仅用于缓解阿片类药物耐受患者爆发性癌痛的经黏膜快速释放芬太尼(TIRFs)受到美国食品和药物管理局(FDA)风险评估和缓解策略(REMS)的限制,以防止不当处方。
评估药剂师、处方者和患者对 TIRF 合理使用的知识评估;根据索赔数据描述赞助商评估,以确定 REMS 计划是否达到其目标;并描述 FDA 对 REMS 评估的反应。
设计、地点和参与者:通过信息自由法案请求获得的 4877 页 FDA 文件的定性分析,包括 6 份年度 REMS 评估报告(2012-2017 年)、FDA 对这些报告的评估以及 FDA-赞助商关于安全问题的通信。
REMS 计划旨在降低因使用 TIRFs 而产生的不良后果的风险,包括误用、滥用、成瘾和过量。
(1)药剂师、处方者和患者的知识评估;(2)调查和基于索赔的处方评估;(3)FDA 和 TIRF 赞助商的沟通;(4)REMS 计划的修改;(5)不遵守规定的处方者被除名。

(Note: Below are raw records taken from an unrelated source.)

lemma partition_on_remove_point:
  assumes "finite A" "x \<notin> A" "partition_on (insert x A) P" "{x} \<notin> P"
  obtains Q B where "partition_on A Q" "card Q = card P" "B \<in> Q" "P = insert (insert x B) (Q - {B})"
proof -
  have "x \<in> \<Union>P" by (metis insertI1 partition_onD1[OF assms(3)])
  then obtain C where C: "C \<in> P" "x \<in> C" by blast
  have "C \<noteq> {x}" using C assms(4) by blast
  define B where "B = C - {x}"
  have Q: "partition_on A (insert B (P - {C}))"
    unfolding B_def using partition_on_remove_from_block[OF assms(2,3) C \<open>C \<noteq> {x}\<close>] .
  have "B \<notin> P - {C}"
    using partition_on_block_disjnt_Union[OF assms(3) C(1)] C \<open>C \<noteq> {x}\<close>
    by (auto simp: B_def disjnt_def)
  moreover have "finite P" using finite_elements[OF _ assms(3)] assms(1) by simp
  ultimately have card_Q: "card (insert B (P - {C})) = card P"
    and diff: "insert B (P - {C}) - {B} = P - {C}"
    using C(1) card_gt_0_iff[of P] by auto
  have "P = insert (insert x B) (insert B (P - {C}) - {B})"
    unfolding diff using C by (simp add: B_def insert_absorb)
  then show ?thesis by (rule that[OF Q card_Q insertI1])
qed

lemma bij_betw_partitions_insert_into_block:
  assumes "finite A" "x \<notin> A"
  shows "bij_betw (\<lambda>(Q, B). insert (insert x B) (Q - {B}))
           (SIGMA Q:{Q. partition_on A Q \<and> card Q = k}. Q)
           {P. partition_on (insert x A) P \<and> card P = k \<and> {x} \<notin> P}"
proof (rule bij_betw_imageI)
  show "inj_on (\<lambda>(Q, B). insert (insert x B) (Q - {B})) (SIGMA Q:{Q. partition_on A Q \<and> card Q = k}. Q)"
    by (rule inj_on_subset[OF inj_on_partitions_insert_into_block[OF assms(2)]]) auto
  show "(\<lambda>(Q, B). insert (insert x B) (Q - {B})) ` (SIGMA Q:{Q. partition_on A Q \<and> card Q = k}. Q) =
          {P. partition_on (insert x A) P \<and> card P = k \<and> {x} \<notin> P}"
  proof (intro equalityI subsetI)
    fix P assume "P \<in> (\<lambda>(Q, B). insert (insert x B) (Q - {B})) ` (SIGMA Q:{Q. partition_on A Q \<and> card Q = k}. Q)"
    then obtain Q B where Q: "partition_on A Q" "card Q = k" "B \<in> Q"
      and P: "P = insert (insert x B) (Q - {B})" by auto
    have x_notin: "x \<notin> D" if "D \<in> Q" for D using partition_onD1[OF Q(1)] that assms(2) by blast
    have "insert x B \<notin> Q - {B}" using x_notin[of "insert x B"] by blast
    moreover have "finite Q" using finite_elements[OF assms(1) Q(1)] .
    ultimately have "card P = Suc (card (Q - {B}))" unfolding P by simp
    then have card_P: "card P = k" using Q(2,3) \<open>finite Q\<close> card_gt_0_iff[of Q] by auto
    have "B \<noteq> {}" using partition_onD3[OF Q(1)] Q(3) by blast
    then have "{x} \<notin> P" unfolding P using x_notin x_notin[OF Q(3)] by auto
    then show "P \<in> {P. partition_on (insert x A) P \<and> card P = k \<and> {x} \<notin> P}"
      using card_P partition_on_insert_into_block[OF assms(2) Q(1,3)] unfolding P by blast
  next
    fix P assume "P \<in> {P. partition_on (insert x A) P \<and> card P = k \<and> {x} \<notin> P}"
    then have P: "partition_on (insert x A) P" "card P = k" "{x} \<notin> P" by blast+
    obtain Q B where "partition_on A Q" "card Q = card P" "B \<in> Q" "P = insert (insert x B) (Q - {B})"
      using partition_on_remove_point[OF assms P(1,3)] .
    then show "P \<in> (\<lambda>(Q, B). insert (insert x B) (Q - {B})) ` (SIGMA Q:{Q. partition_on A Q \<and> card Q = k}. Q)"
      using P(2) by (intro image_eqI[where x = "(Q, B)"]) auto
  qed
qed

计划启动后 12 个月,302 名药剂师中的 24 名(7.9%)、302 名处方者中的 35 名(11.6%)和 192 名患者中的 5 名(2.6%)错误地报告 TIRFs 可用于非阿片类药物耐受患者,随后的报告中也保持了类似的误解水平。在 60 个月时,对索赔数据的特定产品分析表明,接受 TIRF 处方的患者中有 34.6%至 55.4%为非阿片类药物耐受。在 48 个月的调查中,310 名处方者中的 106 名(34.2%)报告为阿片类药物耐受的慢性非癌痛患者开 TIRF;在 60 个月时,302 名处方者中的 54 名(18.4%)和 310 名患者中的 148 名(47.7%)错误地报告 TIRF 已获得此类用途的 FDA 批准。在检查的 60 个月期间,针对高比例的 TIRF 标签外使用证据,对 REMS 进行了很少的实质性更改,尽管 REMS 计划有不合规计划,但没有报告处方者因不当处方而被除名。
在对 FDA 与 TIRF REMS 相关文件的审查中,药剂师、处方者和患者的调查反映了对 TIRF 正确处方的普遍较高水平的知识,但一些调查项目和基于索赔的分析表明,TIRF 的使用存在大量不适当的情况。尽管有这些发现,FDA 并未要求对该计划进行实质性更改。